> _WORK TO COMPLETE_: Working from the records below, repeat exactly the lines starting at the line that contains "(nat \<Rightarrow> 'a) \<Rightarrow> (nat" and ending at the line that contains "g = agreements", inclusive.

> _EXTRACTED INFORMATION_:
(* Let $q\ge 2$ and let $(\epsilon_n)_{n\ge1}$ be positive reals with $\epsilon_n\to 0$. Then there exist, for all sufficiently large $n$, ID codes for $\Pi^q_n$ with $M_n\ge 2^{\epsilon_n n^{q-1}}$ messages, type-I error probability $\lambda_{1,n}=0$ and type-II error probability $\lambda_{2,n}$, such that $\lambda_{2,n}\to 0$ as $n\to\infty$.
   Context: Fix an integer $q\ge 2$ and let $\mathcal A_q=\{1,\dots,q\}$. For $n\ge 1$, $S_n$ is the symmetric group on $\{1,\dots,n\}$, and for $\mathbf x\in\mathcal A_q^n$, $\sigma\in S_n$, we write $\sigma\mathbf x=(x_{\sigma^{-1}(1)},\dots,x_{\sigma^{-1}(n)})$. The $n$-block $q$-ary uniform permutation channel $\Pi^q_n$ has input and output alphabet $\mathcal A_q^n$ and transition probabilities $\Pi^q_n(\mathbf y\mid\mathbf x)=\frac{1}{n!}\sum_{\sigma\in S_n}\mathbf 1\{\mathbf y=\sigma\mathbf x\}$; $\Pi^q$ denotes the family $(\Pi^q_n)_{n\ge1}$. An ID code (with deterministic decoders) with $M$ messages for $\Pi^q_n$ (an "$(n,M,\lambda_1,\lambda_2)$ ID code") is a family $\{(Q_i,\mathcal D_i)\}_{i=1}^M$ where each $Q_i$ is a probability distribution on $\mathcal A_q^n$ (the stochastic encoder of message $i$) and $\mathcal D_i\subseteq\mathcal A_q^n$ (the acceptance region of message $i$). Its error probabilities are $\lambda_{i\to j}=\sum_{\mathbf x}Q_i(\mathbf x)\sum_{\mathbf y\in\mathcal D_j}\Pi^q_n(\mathbf y\mid\mathbf x)$ for $i\ne j$ and $\lambda_{i\not\to i}=\sum_{\mathbf x}Q_i(\mathbf x)\sum_{\mathbf y\notin\mathcal D_i}\Pi^q_n(\mathbf y\mid\mathbf x)$; the type-I error probability is $\lambda_1=\max_i\lambda_{i\not\to i}$ and the type-II error probability is $\lambda_2=\max_{i\ne j}\lambda_{i\to j}$. *)

theory Defs
  imports "HOL-Analysis.Analysis" "HOL-Combinatorics.Permutations"
begin

definition words :: "nat \<Rightarrow> nat \<Rightarrow> nat list set" where
  "words q n = {xs. length xs = n \<and> set xs \<subseteq> {1..q}}"

definition perm_word :: "(nat \<Rightarrow> nat) \<Rightarrow> nat list \<Rightarrow> nat list" where
  "perm_word \<sigma> xs = map (\<lambda>i. xs ! (inv \<sigma> i)) [0..<length xs]"

definition perm_channel :: "nat \<Rightarrow> nat list \<Rightarrow> nat list \<Rightarrow> real" where
  "perm_channel n y x =
     (1 / fact n) * real (card {\<sigma>. \<sigma> permutes {..<n} \<and> y = perm_word \<sigma> x})"

definition err_to :: "nat \<Rightarrow> nat \<Rightarrow> (nat list \<Rightarrow> real) \<Rightarrow> nat list set \<Rightarrow> real" where
  "err_to q n Qi Dj = (\<Sum>x\<in>words q n. Qi x * (\<Sum>y\<in>Dj. perm_channel n y x))"

definition err_not_to :: "nat \<Rightarrow> nat \<Rightarrow> (nat list \<Rightarrow> real) \<Rightarrow> nat list set \<Rightarrow> real" where
  "err_not_to q n Qi Di = (\<Sum>x\<in>words q n. Qi x * (\<Sum>y\<in>words q n - Di. perm_channel n y x))"

definition is_ID_code :: "nat \<Rightarrow> nat \<Rightarrow> nat \<Rightarrow> (nat \<Rightarrow> nat list \<Rightarrow> real) \<Rightarrow> (nat \<Rightarrow> nat list set) \<Rightarrow> bool" where
  "is_ID_code q n M Q D \<longleftrightarrow>
     (\<forall>i\<in>{1..M}. (\<forall>x\<in>words q n. 0 \<le> Q i x) \<and> (\<forall>x. x \<notin> words q n \<longrightarrow> Q i x = 0)
        \<and> (\<Sum>x\<in>words q n. Q i x) = 1 \<and> D i \<subseteq> words q n)"

text \<open>Type-I / type-II error probabilities (maxima; 0 is added only so that the max
  is defined when the index set is empty -- all errors are nonnegative).\<close>
definition type1_err :: "nat \<Rightarrow> nat \<Rightarrow> nat \<Rightarrow> (nat \<Rightarrow> nat list \<Rightarrow> real) \<Rightarrow> (nat \<Rightarrow> nat list set) \<Rightarrow> real" where
  "type1_err q n M Q D = Max (insert 0 {err_not_to q n (Q i) (D i) | i. i \<in> {1..M}})"

definition type2_err :: "nat \<Rightarrow> nat \<Rightarrow> nat \<Rightarrow> (nat \<Rightarrow> nat list \<Rightarrow> real) \<Rightarrow> (nat \<Rightarrow> nat list set) \<Rightarrow> real" where
  "type2_err q n M Q D =
     Max (insert 0 {err_to q n (Q i) (D j) | i j. i \<in> {1..M} \<and> j \<in> {1..M} \<and> i \<noteq> j})"

end

theory Submission
  imports Defs
begin

text \<open>The permutation channel delivers exactly the type (letter multiset) of the input word, and
  there are about \<open>(n/q)^(q-1)\<close> types. Arrange \<open>a \<times> 2^r\<close> of them in a grid and let a message be a
  word \<open>c\<close> of length \<open>a\<close> over the alphabet \<open>{..<2^r}\<close>: it is sent as the type \<open>(k, c k)\<close> for a uniform
  coordinate \<open>k\<close>, and it is identified by accepting exactly the types \<open>(k, c k)\<close>. This never rejects the
  true message, and wrongly accepts \<open>c'\<close> with probability (agreements of \<open>c\<close> and \<open>c'\<close>)\<open>/a\<close>. A
  Gilbert--Varshamov code with fewer than \<open>t \<approx> 2a/r\<close> pairwise agreements has at least \<open>2^a\<close> words;
  with \<open>a \<approx> \<epsilon>\<^sub>n n^(q-1)\<close> and \<open>r\<close> growing like \<open>log (1/\<epsilon>\<^sub>n)\<close>, the type-II error \<open>2/r\<close> tends to 0.\<close>

lemma finite_words: "finite (words q n)"
proof -
  have "words q n = {xs. set xs \<subseteq> {1..q} \<and> length xs = n}" by (auto simp: words_def)
  then show ?thesis using finite_lists_length_eq[of "{1..q}" n] by simp
qed

lemma mset_perm_word:
  assumes "\<sigma> permutes {..<length x}"
  shows "mset (perm_word \<sigma> x) = mset x"
proof -
  have "perm_word \<sigma> x = permute_list (inv \<sigma>) x"
    by (simp add: perm_word_def permute_list_def)
  then show ?thesis using permutes_inv[OF assms] by simp
qed

lemma words_mset_closed:
  assumes "x \<in> words q n" "mset y = mset x"
  shows "y \<in> words q n"
  using assms by (auto simp: words_def dest: mset_eq_length mset_eq_setD)

lemma perm_channel_sum_type_closed:
  assumes x: "x \<in> words q n"
  shows "(\<Sum>y\<in>{y\<in>words q n. P (mset y)}. perm_channel n y x) = (if P (mset x) then 1 else 0)"
proof -
  define S where "S = {\<sigma>. \<sigma> permutes {..<n}}"
  define Y where "Y = {y\<in>words q n. P (mset y)}"
  have "finite S" unfolding S_def by (rule finite_permutations) simp
  have "finite Y" unfolding Y_def using finite_words by simp
  have card_S: "card S = fact n" unfolding S_def by (rule card_permutations) auto
  have perm_in_Y: "perm_word \<sigma> x \<in> Y \<longleftrightarrow> P (mset x)" if "\<sigma> \<in> S" for \<sigma>
  proof -
    have "mset (perm_word \<sigma> x) = mset x"
      using that x by (intro mset_perm_word) (simp add: S_def words_def)
    then show ?thesis using x words_mset_closed by (auto simp: Y_def)
  qed
  have "perm_channel n y x = (\<Sum>\<sigma>\<in>S. if y = perm_word \<sigma> x then 1 else 0) / fact n" for y
    using sum.inter_filter[OF \<open>finite S\<close>, of "\<lambda>_. 1::real" "\<lambda>\<sigma>. y = perm_word \<sigma> x"]
    by (simp add: perm_channel_def S_def)
  then have "(\<Sum>y\<in>Y. perm_channel n y x) = (\<Sum>y\<in>Y. \<Sum>\<sigma>\<in>S. if y = perm_word \<sigma> x then 1 else 0) / fact n"
    by (simp add: sum_divide_distrib)
  also have "\<dots> = (\<Sum>\<sigma>\<in>S. \<Sum>y\<in>Y. if y = perm_word \<sigma> x then 1 else 0) / fact n"
    by (subst sum.swap) simp
  also have "\<dots> = (\<Sum>\<sigma>\<in>S. if P (mset x) then 1 else 0) / fact n"
    using \<open>finite Y\<close> perm_in_Y by (simp add: sum.delta)
  also have "\<dots> = (if P (mset x) then 1 else 0)" using card_S by simp
  finally show ?thesis by (simp add: Y_def)
qed

definition agreements :: "nat \<Rightarrow> (nat \<Rightarrow> 'a) \<Rightarrow> (nat \<Rightarrow> 'a) \<Rightarrow> nat" where
  "agreements a f g = card {k\<in>{..<a}. f k = g k}"

lemma agreements_commute: "agreements a f g = agreements a g f"
  unfolding agreements_def by (rule arg_cong[where f = card]) auto

lemma agreements_self: "agreements a f f = a"
  by (simp add: agreements_def)

lemma card_agreements_ball_le:
  assumes "finite B"
  shows "card {g \<in> (\<Pi>\<^sub>E k\<in>{..<a}. B). t \<le> agreements a f g} \<le> (a choose t) * card B ^ (a - t)"
proof -
  define Ts where "Ts = {T. T \<subseteq> {..<a} \<and> card T = t}"
  define P where "P T = (\<Pi>\<^sub>E k\<in>{..<a}. if k \<in> T then {f k} else B)" for T
  have "finite Ts" unfolding Ts_def by (rule finite_subset[of _ "Pow {..<a}"]) auto
  have card_Ts: "card Ts = a choose t" unfolding Ts_def using n_subsets[of "{..<a}" t] by simp
  have card_P: "card (P T) = card B ^ (a - t)" if "T \<in> Ts" for T
  proof -
    have T: "T \<subseteq> {..<a}" "card T = t" using that by (auto simp: Ts_def)
    have "card (P T) = (\<Prod>k\<in>{..<a}. if k \<in> T then 1 else card B)"
      unfolding P_def by (subst card_PiE) (auto intro: prod.cong)
    also have "\<dots> = card B ^ card ({..<a} - T)"
      by (simp add: prod.If_cases Diff_eq)
    finally show ?thesis using T by (simp add: card_Diff_subset finite_subset)
  qed
  have "{g \<in> (\<Pi>\<^sub>E k\<in>{..<a}. B). t \<le> agreements a f g} \<subseteq> (\<Union>T\<in>Ts. P T)"
  proof
    fix g assume g: "g \<in> {g \<in> (\<Pi>\<^sub>E k\<in>{..<a}. B). t \<le> agreements a f g}"
    then obtain T where T: "T \<subseteq> {k\<in>{..<a}. f k = g k}" "card T = t"
      by (auto simp: agreements_def intro: obtain_subset_with_card_n)
    then have "T \<in> Ts" "g \<in> P T" using g by (auto simp: Ts_def P_def PiE_iff)
    then show "g \<in> (\<Union>T\<in>Ts. P T)" by blast
  qed
  then have "card {g \<in> (\<Pi>\<^sub>E k\<in>{..<a}. B). t \<le> agreements a f g} \<le> card (\<Union>T\<in>Ts. P T)"
    using \<open>finite Ts\<close> assms by (intro card_mono) (auto simp: P_def intro!: finite_PiE)
  also have "\<dots> \<le> (\<Sum>T\<in>Ts. card (P T))" by (rule card_UN_le[OF \<open>finite Ts\<close>])
  also have "\<dots> = (a choose t) * card B ^ (a - t)" using card_P card_Ts by simp
  finally show ?thesis .
qed

text \<open>Gilbert--Varshamov: a maximal code with pairwise fewer than \<open>t\<close> agreements has its
  agreement balls of radius \<open>t\<close> covering the whole space.\<close>
lemma exists_code_few_agreements:
  assumes "finite B" "1 \<le> t" "t \<le> a"
  obtains C where "C \<subseteq> (\<Pi>\<^sub>E k\<in>{..<a}. B)"
    "\<And>f g. f \<in> C \<Longrightarrow> g \<in> C \<Longrightarrow> f \<noteq> g \<Longrightarrow> agreements a f g < t"
    "card B ^ a \<le> card C * ((a choose t) * card B ^ (a - t))"
proof -
  define F where "F = (\<Pi>\<^sub>E k\<in>{..<a}. B)"
  define code where "code C \<longleftrightarrow> C \<subseteq> F \<and> (\<forall>f\<in>C. \<forall>g\<in>C. f \<noteq> g \<longrightarrow> agreements a f g < t)" for C
  define ball where "ball f = {g \<in> F. t \<le> agreements a f g}" for f
  have "finite F" unfolding F_def using assms(1) by (intro finite_PiE) auto
  have "code {}" by (simp add: code_def)
  moreover have "\<forall>C. code C \<longrightarrow> card C < card F + 1"
    using \<open>finite F\<close> by (auto simp: code_def intro: card_mono le_imp_less_Suc)
  ultimately obtain C where C: "code C" and maximal: "\<And>C'. code C' \<Longrightarrow> card C' \<le> card C"
    using ex_has_greatest_nat[of code "{}" card "card F + 1"] by blast
  have "C \<subseteq> F" using C by (simp add: code_def)
  then have "finite C" using \<open>finite F\<close> finite_subset by blast
  have "F \<subseteq> (\<Union>c\<in>C. ball c)"
  proof
    fix g assume "g \<in> F"
    show "g \<in> (\<Union>c\<in>C. ball c)"
    proof (rule ccontr)
      assume far: "g \<notin> (\<Union>c\<in>C. ball c)"
      then have "g \<notin> C" using \<open>g \<in> F\<close> assms by (auto simp: ball_def agreements_self)
      have "agreements a c g < t" "agreements a g c < t" if "c \<in> C" for c
        using far that \<open>g \<in> F\<close> agreements_commute[of a g c] by (auto simp: ball_def)
      then have "code (insert g C)"
        using C \<open>g \<in> F\<close> unfolding code_def by auto
      then have "card (insert g C) \<le> card C" by (rule maximal)
      then show False using \<open>g \<notin> C\<close> \<open>finite C\<close> by simp
    qed
  qed
  have ball_le: "card (ball c) \<le> (a choose t) * card B ^ (a - t)" for c
    unfolding ball_def F_def by (rule card_agreements_ball_le[OF assms(1)])
  have "card B ^ a = card F" unfolding F_def by (simp add: card_PiE)
  also have "\<dots> \<le> card (\<Union>c\<in>C. ball c)"
    using \<open>finite C\<close> \<open>finite F\<close> \<open>F \<subseteq> (\<Union>c\<in>C. ball c)\<close> by (intro card_mono) (auto simp: ball_def)
  also have "\<dots> \<le> (\<Sum>c\<in>C. card (ball c))" by (rule card_UN_le[OF \<open>finite C\<close>])
  also have "\<dots> \<le> card C * ((a choose t) * card B ^ (a - t))"
    using sum_mono[of C "\<lambda>c. card (ball c)", OF ball_le] by simp
  finally have size: "card B ^ a \<le> card C * ((a choose t) * card B ^ (a - t))" .
  have "agreements a f g < t" if "f \<in> C" "g \<in> C" "f \<noteq> g" for f g
    using C that by (simp add: code_def)
  with \<open>C \<subseteq> F\<close> show ?thesis unfolding F_def using size by (rule that)
qed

> _THE ANSWER_:
definition agreements :: "nat \<Rightarrow> (nat \<Rightarrow> 'a) \<Rightarrow> (nat \<Rightarrow> 'a) \<Rightarrow> nat" where
  "agreements a f g = card {k\<in>{..<a}. f k = g k}"

lemma agreements_commute: "agreements a f g = agreements a g f"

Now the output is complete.